U.S. stocks headed for a lower open Wednesday after orders for big-ticket manufactured goods declined for a second straight month in February.
The Commerce Department report that durable goods orders fell 1.7 percent last month -- rather than rising as the market expected -- appeared to rekindle some unease about the health of the economy.
The report comes a day after stocks generally extended their gains after two sessions of sharp advances. The market's recent ability to add to its climb has been greeted by bullish investors as a sign that its troubles are on the mend; Wall Street hadn't succumbed to a recent pattern of selling off after such a strong move upward. The Dow Jones industrial average has risen more than 425 points in the past three sessions.
But the durable goods numbers made it unclear whether the rally would hold.
Government figures are also due after the opening bell on new home sales.
Dow Jones industrial average futures fell 38, or 0.30 percent, to 12,477. Standard & Poor's 500 index futures fell 4.30, or 0.32 percent, to 1,347.10, while Nasdaq 100 index futures fell 4.80, or 0.26 percent, to 1,821.20.
Bond prices rose. The yield on the benchmark 10-year Treasury note, which moves opposite its price, fell to 3.50 percent from 3.51 percent late Tuesday. The dollar was mixed against other major currencies, while gold prices rose.
Light, sweet crude rose $1.01 to $102.23 in premarket electronic trading on the New York Mercantile Exchange.
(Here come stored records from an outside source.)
(* Let $k$ be a field and let $F(X,Y)$ be an irreducible element of $A=k[X,Y]$. Then $A/(F)$ is $k$-rational if and only if there exist $x(T),y(T),z(T)\in k[T]$ such that: (1) $z(T)\ne0$, $\{x(T)/z(T),\,y(T)/z(T)\}\not\subseteq k$, and $F\big(x(T)/z(T),\,y(T)/z(T)\big)=0$; (2) $\max(\deg_T x,\deg_T y,\deg_T z)\le \deg_X F+\deg_Y F$.
   Context: $A/(F)$ is $k$-rational means that $F$ is irreducible in $A$ and $\operatorname{Frac}(A/(F))$ is a purely transcendental extension of $k$ of transcendence degree $1$. $T$ is an indeterminate. *)

theory Defs
  imports "HOL-Computational_Algebra.Polynomial" "HOL-Computational_Algebra.Fraction_Field"
begin

text \<open>A = k[X,Y] is rendered as 'a poly poly: outer variable Y, coefficients in k[X].
  k(T) is rendered as 'a poly fract.\<close>

definition to_fract :: "'a::idom \<Rightarrow> 'a fract" where
  "to_fract a = Fract a 1"

definition const_fract :: "'a::field \<Rightarrow> 'a poly fract" where
  "const_fract c = to_fract [:c:]"

definition eval2 :: "'a::field poly poly \<Rightarrow> 'a poly fract \<Rightarrow> 'a poly fract \<Rightarrow> 'a poly fract" where
  "eval2 G u v = poly (map_poly (\<lambda>c. poly (map_poly const_fract c) u) G) v"

definition degX :: "'a::zero poly poly \<Rightarrow> nat" where
  "degX F = Max ((\<lambda>i. degree (coeff F i)) ` {..degree F})"

definition degY :: "'a::zero poly poly \<Rightarrow> nat" where
  "degY F = degree F"

text \<open>k-rational: F irreducible and Frac(A/(F)) is k-isomorphic to k(T). A k-algebra
  embedding A/(F) -> k(T) is evaluation at some (u,v) whose kernel is exactly (F);
  k(T) is the fraction field of the image iff every element of k(T) is a quotient of
  values of the embedding.\<close>
definition k_rational :: "'a::field poly poly \<Rightarrow> bool" where
  "k_rational F \<longleftrightarrow> irreducible F \<and>
     (\<exists>u v. (\<forall>G. eval2 G u v = 0 \<longleftrightarrow> F dvd G) \<and>
            (\<forall>w. \<exists>G H. eval2 H u v \<noteq> 0 \<and> w = eval2 G u v / eval2 H u v))"

end

(* If A/(F) is k-rational, X and Y go to rational functions u, v with k(u, v) = k(T). For
   u = g/h in lowest terms, T has degree max(deg g, deg h) over k(u), with minimal polynomial
   g(Z) - u h(Z); since k(u, v) = k(u)[v] has dimension at most deg_Y F over k(u), this degree is at
   most deg_Y F. Symmetrically for v, and a common denominator gives the bound.
   Conversely, for a non-constant zero (u, v) of F, Lueroth's theorem gives k(u, v) = k(theta),
   proved by the classical argument with h(T) g(Z) - g(T) h(Z) for theta = g/h of least degree in
   k(u, v). Pulling (u, v) back along the substitution T := theta gives a zero of F generating k(T),
   and since u or v is transcendental over k, the kernel of evaluation there is (F). *)

theory Submission
  imports Defs "HOL-Computational_Algebra.Polynomial_Factorial"
begin

hide_const (open) Polynomial_Factorial.to_fract

instantiation fract :: (idom)
  "{unique_euclidean_ring, normalization_euclidean_semiring, normalization_semidom_multiplicative}"
begin
definition [simp]: "normalize_fract = (\<lambda>x::'a fract. if x = 0 then 0 else (1::'a fract))"
definition [simp]: "unit_factor_fract = (\<lambda>x::'a fract. x)"
definition [simp]: "modulo_fract = (\<lambda>x y::'a fract. if y = 0 then x else (0::'a fract))"
definition [simp]: "euclidean_size_fract = (\<lambda>x::'a fract. if x = 0 then 0 else (1::nat))"
definition [simp]: "division_segment (x :: 'a fract) = (1::'a fract)"
instance
  by standard (simp_all add: dvd_field_iff field_split_simps split: if_splits)
end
Corporate news appeared to weigh on some investors. Private equity firms leading a $19.5 billion buyout of Clear Channel Communications Inc. were having difficulty reaching terms with the banks committed to financing the deal and the plan was close to collapse, according to a report by The Wall Street Journal.
In other corporate news, Motorola Inc. said it plans to split its troubled handset business from other operations, creating two separate, publicly traded companies.
Electronic parts manufacturer Jabil Circuit Inc. posted a fiscal second-quarter loss and warned its third-quarter results will fall short of Wall Street's expectations.
Overseas, Japan's Nikkei stock average fell 0.30 percent. In morning trading, Britain's FTSE 100 fell 0.48 percent, Germany's DAX index fell 0.41 percent, and France's CAC-40 was off 0.62 percent.